**Saved data entries**
lemma emeasure_ball_eight_le:
  assumes "0 < s"
  shows "emeasure \<mu> (ball a (8 * s)) \<le> ennreal (D ^ 3) * emeasure \<mu> (ball a s)"
proof -
  have "emeasure \<mu> (ball a (8 * s)) = emeasure \<mu> (ball a (2 * (2 * (2 * s))))"
    by simp
  also have "\<dots> \<le> ennreal D * emeasure \<mu> (ball a (2 * (2 * s)))"
    using assms by (intro emeasure_ball_double_le) simp
  also have "\<dots> \<le> ennreal D * (ennreal D * emeasure \<mu> (ball a (2 * s)))"
    using assms by (intro mult_left_mono emeasure_ball_double_le) auto
  also have "\<dots> \<le> ennreal D * (ennreal D * (ennreal D * emeasure \<mu> (ball a s)))"
    using assms by (intro mult_left_mono emeasure_ball_double_le) auto
  also have "\<dots> = ennreal (D ^ 3) * emeasure \<mu> (ball a s)"
    using doubling_const_ge_1 by (simp add: ennreal_mult' power3_eq_cube mult.assoc)
  finally show ?thesis .
qed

**Exercise instructions**
Please restate every record above word for word.

**Task response**
lemma emeasure_ball_eight_le:
  assumes "0 < s"
  shows "emeasure \<mu> (ball a (8 * s)) \<le> ennreal (D ^ 3) * emeasure \<mu> (ball a s)"
proof -
  have "emeasure \<mu> (ball a (8 * s)) = emeasure \<mu> (ball a (2 * (2 * (2 * s))))"
    by simp
  also have "\<dots> \<le> ennreal D * emeasure \<mu> (ball a (2 * (2 * s)))"
    using assms by (intro emeasure_ball_double_le) simp
  also have "\<dots> \<le> ennreal D * (ennreal D * emeasure \<mu> (ball a (2 * s)))"
    using assms by (intro mult_left_mono emeasure_ball_double_le) auto
  also have "\<dots> \<le> ennreal D * (ennreal D * (ennreal D * emeasure \<mu> (ball a s)))"
    using assms by (intro mult_left_mono emeasure_ball_double_le) auto
  also have "\<dots> = ennreal (D ^ 3) * emeasure \<mu> (ball a s)"
    using doubling_const_ge_1 by (simp add: ennreal_mult' power3_eq_cube mult.assoc)
  finally show ?thesis .
qed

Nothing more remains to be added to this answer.